The provision follows up a well-consolidated CJEU’s case law. Since the Denilauler case[29], concerning an ex parte bank account freezing order, the CJEU has been consistently stressing that scheme and principles of the Brussels I Regulation surround only judgments rendered after an adversary proceeding, or a proceeding in which the defendant not appearing was duly summoned before the enforcement. In other words, the Brussels system is “fundamentally concerned with judicial decisions which, before the recognition and enforcement of them are sought […] have been, or have been capable of being, the subject in [the] State of origin and under various procedure, of an inquiry in adversary proceedings”[30].

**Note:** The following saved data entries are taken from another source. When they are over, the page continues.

lemma exists_fixed_nonsquare: "\<exists>\<nu>::'a. \<nu> ^ s = \<nu> \<and> \<nu> \<noteq> 0 \<and> \<nu> \<notin> range (\<lambda>z. z ^ 2)"
proof -
  define E where "E = {z::'a. z \<noteq> 0 \<and> z ^ s = z}"
  have card_E: "card E = 2 * card ((\<lambda>z. z ^ 2) ` E)"
    by (rule card_eq_double_card_image) (use two_neq_zero in \<open>auto simp: E_def power2_eq_iff power_s_minus\<close>)
  have "(\<lambda>z. z ^ 2) ` E \<noteq> E"
  proof
    assume "(\<lambda>z. z ^ 2) ` E = E"
    then have "card E = 0"
      using card_E by simp
    moreover have "1 \<in> E"
      by (simp add: E_def)
    ultimately show False
      by auto
  qed
  moreover have "(\<lambda>z. z ^ 2) ` E \<subseteq> E"
    by (auto simp: E_def power_power_commute)
  ultimately obtain \<nu> where \<nu>: "\<nu> \<in> E" "\<nu> \<notin> (\<lambda>z. z ^ 2) ` E"
    by blast
  \<comment> \<open>A square root z of \<nu> in the whole field would satisfy z^s = \<plusminus>z.\<close>
  have "\<nu> \<notin> range (\<lambda>z. z ^ 2)"
  proof
    assume "\<nu> \<in> range (\<lambda>z. z ^ 2)"
    then obtain z where z: "\<nu> = z ^ 2"
      by blast
    then have "(z ^ s) ^ 2 = z ^ 2"
      using \<nu>(1) by (simp add: E_def flip: power_power_commute)
    then have "z ^ s = z \<or> z ^ s = - z"
      by (simp add: power2_eq_iff)
    moreover have "z \<noteq> 0"
      using \<nu>(1) z by (auto simp: E_def)
    ultimately show False
      using \<nu> z power_s_eq_minus_imp_zero by (auto simp: E_def)
  qed
  then show ?thesis
    using \<nu>(1) by (intro exI[of _ \<nu>]) (auto simp: E_def)
qed

end

section \<open>The O'Nan configuration\<close>

locale monomial_unital = quadratic_extension q \<theta> + planar_monomial f s M
  for q and \<theta> :: "'a::{field,finite}" and f :: "'a \<Rightarrow> 'a" and s M +
  assumes norm_nonsquare: "\<not> (\<exists>y \<in> subfield_q q. y ^ 2 = \<theta> ^ (q + 1))"
begin

lemma anisotropic:
  assumes "f y \<in> K\<theta>"
  shows "y = 0"
proof (rule ccontr)
  assume "y \<noteq> 0"
  obtain t where t: "t \<in> K" "f y = t * \<theta>"
    using assms by (auto simp: K\<theta>_def)
  then have "t \<noteq> 0"
    using \<open>y \<noteq> 0\<close> by (auto simp: f_eq)
  define w where "w = (y ^ (q + 1)) ^ (s div 2 + 1)"
  have "w ^ 2 = f y ^ (q + 1)"
    unfolding w_def f_eq_square by (metis power_power_commute)
  also have "\<dots> = t ^ 2 * \<theta> ^ (q + 1)"
    using t by (simp add: power_mult_distrib mem_K_iff power2_eq_square)
  finally have "(w / t) ^ 2 = \<theta> ^ (q + 1)"
    using \<open>t \<noteq> 0\<close> by (simp add: power_divide)
  moreover have "w / t \<in> K"
    unfolding w_def using t(1) by (intro K_divide K_power norm_mem_K)
  ultimately show False
    using norm_nonsquare by blast
qed

sublocale theta_unital q \<theta> f
  using planar_f f_zero anisotropic by unfold_locales

lemma theta_nonsquare: "\<theta> \<notin> range (\<lambda>z. z ^ 2)"
proof
  assume "\<theta> \<in> range (\<lambda>z. z ^ 2)"
  then obtain z where "\<theta> = z ^ 2"
    by blast
  then have "(z ^ (q + 1)) ^ 2 = \<theta> ^ (q + 1)"
    by (metis power_power_commute)
  then show False
    using norm_nonsquare norm_mem_K by blast
qed

lemma exists_scaling: "\<exists>\<kappa> \<nu>. \<kappa> \<noteq> 0 \<and> \<nu> ^ s = \<nu> \<and> \<nu> \<notin> {0, 1, -1} \<and> \<theta> = f \<kappa> * \<nu>"
proof -
  obtain \<nu> :: 'a where \<nu>: "\<nu> ^ s = \<nu>" "\<nu> \<noteq> 0" "\<nu> \<notin> range (\<lambda>z. z ^ 2)"
    using exists_fixed_nonsquare by blast
  obtain z where "\<theta> = \<nu> * z ^ 2"
    using nonsquare_eq_mult_square[OF two_neq_zero \<nu>(2) theta_nonzero \<nu>(3) theta_nonsquare] by blast
  moreover have "z ^ 2 \<in> f ` (UNIV - {0})"
    using calculation theta_nonzero by (auto simp: image_f_nonzero)
  ultimately obtain \<kappa> where "\<kappa> \<noteq> 0" "\<theta> = f \<kappa> * \<nu>"
    by (auto simp: mult.commute)
  moreover have "\<nu> \<noteq> 1"
    using \<nu>(3) by (metis power_one rangeI)
  moreover have "\<nu> \<noteq> -1"
  proof
    assume "\<nu> = -1"
    then have "f \<kappa> \<in> K\<theta>"
      using \<open>\<theta> = f \<kappa> * \<nu>\<close> K\<theta>_diff[OF zero_mem_K\<theta> theta_mem_K\<theta>] by simp
    then show False
      using anisotropic \<open>\<kappa> \<noteq> 0\<close> by blast
  qed
  ultimately show ?thesis
    using \<nu> by blast
qed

Thus, the lack of adversary nature prevents ex parte provisional or protective measures from yielding effects outside the State of origin. Conversely, nothing in the Court’s rulings precludes ex parte measures to have local effects. Actually, parties may request all such measures as may be available under the law of the State in which the assets are located.
What if ex parte measures are ordered by insolvency courts in the scheme of the EIR? Given that the EIR relies on the Brussels Ibis Regulation as far as the enforcement is concerned, any national measures should undergo the Denilauler test.

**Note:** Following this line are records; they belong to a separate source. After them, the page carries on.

lemma emeasure_bind_distr:
  assumes M: "M \<in> prob_measures" and T: "T \<in> borel_measurable borel"
    and Q: "Q \<in> kernels" and X: "X \<in> sets borel"
  shows "emeasure (distr M borel T \<bind> Q) X = (\<integral>\<^sup>+x. emeasure (Q (T x)) X \<partial>M)"
proof -
  have Q': "Q \<in> borel \<rightarrow>\<^sub>M prob_algebra borel"
    using Q unfolding kernels_def .
  then have "(\<lambda>y. emeasure (Q y) X) \<in> borel_measurable borel"
    by (rule measurable_compose[OF measurable_prob_algebraD measurable_emeasure_subprob_algebra[OF X]])
  moreover have "T \<in> M \<rightarrow>\<^sub>M borel"
    using T measurable_prob_measures_iff[OF M] by blast
  ultimately show ?thesis
    unfolding emeasure_bind_prob_algebra[OF prob_measures_in_prob_algebra[OF distr_in_prob_measures[OF M T]] Q' X]
    by (intro nn_integral_distr) (simp_all only: measurable_distr_eq1)
qed

lemma emeasure_bind_distr_cell_kernel:
  fixes s :: "'e::topological_space \<Rightarrow> real" and T :: "'e \<Rightarrow> 'f::topological_space"
  assumes M: "M \<in> prob_measures" and T: "T \<in> borel_measurable borel"
    and s: "simple_function (vimage_algebra UNIV T borel) s"
    and Q: "Q \<in> kernels" "\<And>x. Q (T x) = cond_prob \<mu> (s -` {s x})" and X: "X \<in> sets borel"
  shows "emeasure (distr M borel T \<bind> Q) X =
    (\<Sum>c\<in>range s. emeasure (cond_prob \<mu> (s -` {c})) X * emeasure M (s -` {c}))"
proof -
  have "simple_function M s"
    using simple_function_subalgebra[OF s] subalgebra_vimage_algebra[OF M T]
    unfolding subalgebra_def by simp
  then show ?thesis
    unfolding emeasure_bind_distr[OF M T Q(1) X] Q(2)
    using nn_integral_comp_simple_function[of M s "\<lambda>c. emeasure (cond_prob \<mu> (s -` {c})) X"]
    by (simp add: space_prob_measures[OF M])
qed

Nonetheless, ex parte measures that the IPs activate to recovery debtor’s assets should be differently treated from ex parte measures concerning disputed third-party’s assets in ancillary adversary proceedings, such as those arising out of avoidance actions.
The first measures pertain to the powers to recovery the debtor’s assets that the IPs wield under (and in compliance with) Article 21. They pose no problems with respect to the debtor's right of defence, let alone when the debtor is divested. Insolvency-related adversary proceedings regarding third-party assets should instead comply with the third-party right of defence (as a right of respondent in the ancillary proceedings) so as for the proceedings to meet the fair trial principles. Therefore, the cross-border recognition of ex parte measures is likely to infringe the Denilauler principles in the second case. The same is for ex parte measures ordered in relation to proceedings commenced or to be commenced by the IP before courts having jurisdiction under the Brussels Ibis Regulation[31].
All in all, the IPs’d better demand ex parte measures to local courts, i.e., in the State where the assets are located, and the measures are to be enforced.